E proprio in questi giorni nel Dipartimento Cardiovascolare dell’Ospedale S. Filippo Neri di Roma è nata la cartella clinica “umana”, che prevede una parte autobiografica scritta direttamente dal paziente, usando il modello narrativo “Alfa” ideato dalla scrittrice Rosalba Panzieri. Anche in questo caso si parla di globalizzazione dell’assistenza sanitaria, mostrando quanto sia ormai imprescindibile per la medicina accogliere l’unicità dell’individuo, poiché costituisce un elemento fondamentale nel processo di guarigione.
Le nuove prospettive della cura sembrano dunque sempre più centrate sulla relazione, sugli aspetti personali e non solo sui sintomi e sulla valutazione dei quadri clinici. Una dimensione più olistica, che osserva l’essere umano nella sua globalità prestando attenzione alle sue esperienze interne e ai vissuti, invece di soffermarsi kraepelianamente sull’individuazione di sintomi.
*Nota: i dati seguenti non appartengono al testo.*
lemma mat_poly_eval_mult_eigenvector:
  assumes M: "M \<in> carrier_mat n n" and w: "w \<in> carrier_vec n" and Mw: "M *\<^sub>v w = l \<cdot>\<^sub>v w"
  shows "mat_poly_eval f M *\<^sub>v w = poly f l \<cdot>\<^sub>v w"
proof (rule eq_vecI)
  have pow: "M ^\<^sub>m i *\<^sub>v w = l ^ i \<cdot>\<^sub>v w" for i
  proof (cases "w = 0\<^sub>v n")
    case False
    then show ?thesis
      using eigenvector_pow[OF M] M w Mw by (simp add: eigenvector_def)
  qed (use M in \<open>auto intro!: eq_vecI\<close>)
  fix p assume "p < dim_vec (poly f l \<cdot>\<^sub>v w)"
  then have p: "p < n"
    using w by simp
  have "(mat_poly_eval f M *\<^sub>v w) $ p = (\<Sum>q<n. \<Sum>i\<le>degree f. coeff f i * ((M ^\<^sub>m i) $$ (p, q) * w $ q))"
    using M w p by (simp add: mat_poly_eval_def scalar_prod_def atLeast0LessThan sum_distrib_right mult.assoc)
  also have "\<dots> = (\<Sum>i\<le>degree f. coeff f i * (M ^\<^sub>m i *\<^sub>v w) $ p)"
    using M w p by (subst sum.swap) (simp add: scalar_prod_def atLeast0LessThan sum_distrib_left)
  also have "\<dots> = poly f l * w $ p"
    using w p by (simp add: pow poly_altdef sum_distrib_right mult.assoc)
  finally show "(mat_poly_eval f M *\<^sub>v w) $ p = (poly f l \<cdot>\<^sub>v w) $ p"
    using p w by simp
qed (use M w in \<open>simp add: mat_poly_eval_def\<close>)

lemma coeff_char_poly_adj_mat_identity:
  fixes M :: "'a::comm_ring_1 mat"
  assumes M: "M \<in> carrier_mat n n" and a: "a < n" and b: "b < n"
  defines "Ad \<equiv> adj_mat (char_poly_matrix M)"
  shows "coeff (char_poly M) i * (if a = b then 1 else 0) =
     (if i = 0 then 0 else coeff (Ad $$ (a, b)) (i - 1)) - (\<Sum>c<n. M $$ (a, c) * coeff (Ad $$ (c, b)) i)"
proof -
  let ?N = "char_poly_matrix M"
  have N: "?N \<in> carrier_mat n n"
    using M by simp
  have Ad: "Ad \<in> carrier_mat n n"
    unfolding Ad_def using adj_mat(1)[OF N] .
  have "(\<Sum>c<n. ?N $$ (a, c) * Ad $$ (c, b)) = (?N * Ad) $$ (a, b)"
    using index_mult_mat_sum[OF N Ad a b] by simp
  also have "\<dots> = (char_poly M \<cdot>\<^sub>m 1\<^sub>m n) $$ (a, b)"
    unfolding Ad_def adj_mat(2)[OF N] char_poly_def ..
  finally have adj: "(\<Sum>c<n. ?N $$ (a, c) * Ad $$ (c, b)) = (if a = b then char_poly M else 0)"
    using a b by simp
  have "(\<Sum>c<n. ?N $$ (a, c) * Ad $$ (c, b))
      = (\<Sum>c<n. (if a = c then pCons 0 (Ad $$ (c, b)) else 0) - Polynomial.smult (M $$ (a, c)) (Ad $$ (c, b)))"
    by (rule sum.cong) (use M a in \<open>auto simp: char_poly_matrix_def algebra_simps\<close>)
  also have "\<dots> = pCons 0 (Ad $$ (a, b)) - (\<Sum>c<n. Polynomial.smult (M $$ (a, c)) (Ad $$ (c, b)))"
    using a by (simp add: sum_subtractf)
  finally have "coeff (if a = b then char_poly M else 0) i
      = coeff (pCons 0 (Ad $$ (a, b)) - (\<Sum>c<n. Polynomial.smult (M $$ (a, c)) (Ad $$ (c, b)))) i"
    by (simp only: adj)
  then show ?thesis
    by (cases i) (auto simp: coeff_sum)
qed

lemma coeff_char_poly_telescope:
  fixes M :: "'a::comm_ring_1 mat"
  assumes M: "M \<in> carrier_mat n n" and a: "a < n" and b: "b < n"
  defines "Ad \<equiv> adj_mat (char_poly_matrix M)"
  shows "coeff (char_poly M) i * (M ^\<^sub>m i) $$ (a, b)
    = (\<Sum>c<n. (M ^\<^sub>m i) $$ (a, c) * (if i = 0 then 0 else coeff (Ad $$ (c, b)) (i - 1)))
      - (\<Sum>c<n. (M ^\<^sub>m Suc i) $$ (a, c) * coeff (Ad $$ (c, b)) i)"
proof -
  have pow_Suc: "(\<Sum>c<n. (M ^\<^sub>m Suc i) $$ (a, c) * coeff (Ad $$ (c, b)) i)
      = (\<Sum>d<n. (\<Sum>c<n. (M ^\<^sub>m i) $$ (a, c) * M $$ (c, d)) * coeff (Ad $$ (d, b)) i)"
    using M a by (intro sum.cong) (simp_all add: index_mult_mat_sum[of _ n n] del: index_mult_mat)
  have "coeff (char_poly M) i * (M ^\<^sub>m i) $$ (a, b)
      = (\<Sum>c<n. (M ^\<^sub>m i) $$ (a, c) * (coeff (char_poly M) i * (if c = b then 1 else 0)))"
    using b by (simp add: if_distrib sum.If_cases mult.commute)
  also have "\<dots> = (\<Sum>c<n. (M ^\<^sub>m i) $$ (a, c) * ((if i = 0 then 0 else coeff (Ad $$ (c, b)) (i - 1))
      - (\<Sum>d<n. M $$ (c, d) * coeff (Ad $$ (d, b)) i)))"
    by (rule sum.cong[OF refl]) (use coeff_char_poly_adj_mat_identity[OF M _ b, of _ i] in \<open>simp add: Ad_def\<close>)
  also have "\<dots> = (\<Sum>c<n. (M ^\<^sub>m i) $$ (a, c) * (if i = 0 then 0 else coeff (Ad $$ (c, b)) (i - 1)))
      - (\<Sum>d<n. (\<Sum>c<n. (M ^\<^sub>m i) $$ (a, c) * M $$ (c, d)) * coeff (Ad $$ (d, b)) i)"
    unfolding right_diff_distrib sum_subtractf sum_distrib_left sum_distrib_right
    by (subst (2) sum.swap) (simp add: mult.assoc)
  finally show ?thesis
    by (simp only: pow_Suc)
qed

text \<open>Cayley--Hamilton: multiplied by the powers of M, the coefficient identities of
  (X 1 - M) adj(X 1 - M) = char_poly M 1 telescope.\<close>
theorem mat_poly_eval_char_poly:
  fixes M :: "real mat"
  assumes M: "M \<in> carrier_mat n n"
  shows "mat_poly_eval (char_poly M) M = 0\<^sub>m n n"
proof (rule eq_matI)
  fix a b assume "a < dim_row (0\<^sub>m n n :: real mat)" "b < dim_col (0\<^sub>m n n :: real mat)"
  then have a: "a < n" and b: "b < n"
    by simp_all
  define Ad where "Ad = adj_mat (char_poly_matrix M)"
  define p where "p = char_poly M"
  define K where "K = Suc (degree p + (\<Sum>c<n. \<Sum>d<n. degree (Ad $$ (c, d))))"
  have deg_Ad: "degree (Ad $$ (c, d)) < K" if "c < n" "d < n" for c d
  proof -
    have "degree (Ad $$ (c, d)) \<le> (\<Sum>d'<n. degree (Ad $$ (c, d')))"
      by (rule member_le_sum) (use that in auto)
    also have "\<dots> \<le> (\<Sum>c'<n. \<Sum>d'<n. degree (Ad $$ (c', d')))"
      by (rule member_le_sum[of c "{..<n}" "\<lambda>c'. \<Sum>d'<n. degree (Ad $$ (c', d'))"]) (use that in auto)
    finally show ?thesis
      unfolding K_def by simp
  qed
  define T where "T i = (\<Sum>c<n. (M ^\<^sub>m i) $$ (a, c) * (if i = 0 then 0 else coeff (Ad $$ (c, b)) (i - 1)))" for i
  have "mat_poly_eval p M $$ (a, b) = (\<Sum>i\<le>K. coeff p i * (M ^\<^sub>m i) $$ (a, b))"
    by (rule index_mat_poly_eval[OF M a b]) (simp add: K_def)
  also have "\<dots> = (\<Sum>i\<le>K. T i - T (Suc i))"
    using coeff_char_poly_telescope[OF M a b] unfolding T_def Ad_def p_def by simp
  also have "\<dots> = T 0 - T (Suc K)"
    by (rule sum_telescope)
  also have "\<dots> = 0"
    unfolding T_def using deg_Ad b by (simp add: coeff_eq_0)
  finally show "mat_poly_eval (char_poly M) M $$ (a, b) = 0\<^sub>m n n $$ (a, b)"
    using a b by (simp add: p_def)
qed (use M in auto)

lemma mat_poly_eval_cofactor_mult:
  fixes M :: "real mat"
  assumes M: "M \<in> carrier_mat n n" and cp: "char_poly M = [:-l, 1:] * g"
  shows "mat_poly_eval g M * M = l \<cdot>\<^sub>m mat_poly_eval g M"
proof (rule eq_matI)
  let ?G = "mat_poly_eval g M"
  have CH: "?G * M - l \<cdot>\<^sub>m ?G = 0\<^sub>m n n"
    using mat_poly_eval_char_poly[OF M] unfolding cp mat_poly_eval_linear_factor[OF M] .
  fix p q assume "p < dim_row (l \<cdot>\<^sub>m ?G)" "q < dim_col (l \<cdot>\<^sub>m ?G)"
  then have pq: "p < n" "q < n"
    using M by auto
  have "(?G * M - l \<cdot>\<^sub>m ?G) $$ (p, q) = 0"
    using CH pq by simp
  then show "(?G * M) $$ (p, q) = (l \<cdot>\<^sub>m ?G) $$ (p, q)"
    using M pq by simp
qed (use M in auto)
E le parole di Iaconesi ci lasciano sicuramente con uno spunto di riflessione aperto:
Cos’è la medicina? Il termine stesso ha cambiato più volte di significato con il passare del tempo. Dobbiamo essere capaci di non perdere il valore della complessità, che è preziosa. Semplificare troppo non aiuta nessuno. Se per “medicina” intendiamo qualcosa che miri a ristabilire il benessere e la salute dell’essere umano, allora la mia risposta è che il risultato più promettente della Cura è stato quello di permettere il combinarsi armonioso di molti contributi, attraverso le discipline, proprio per andare in questa direzione.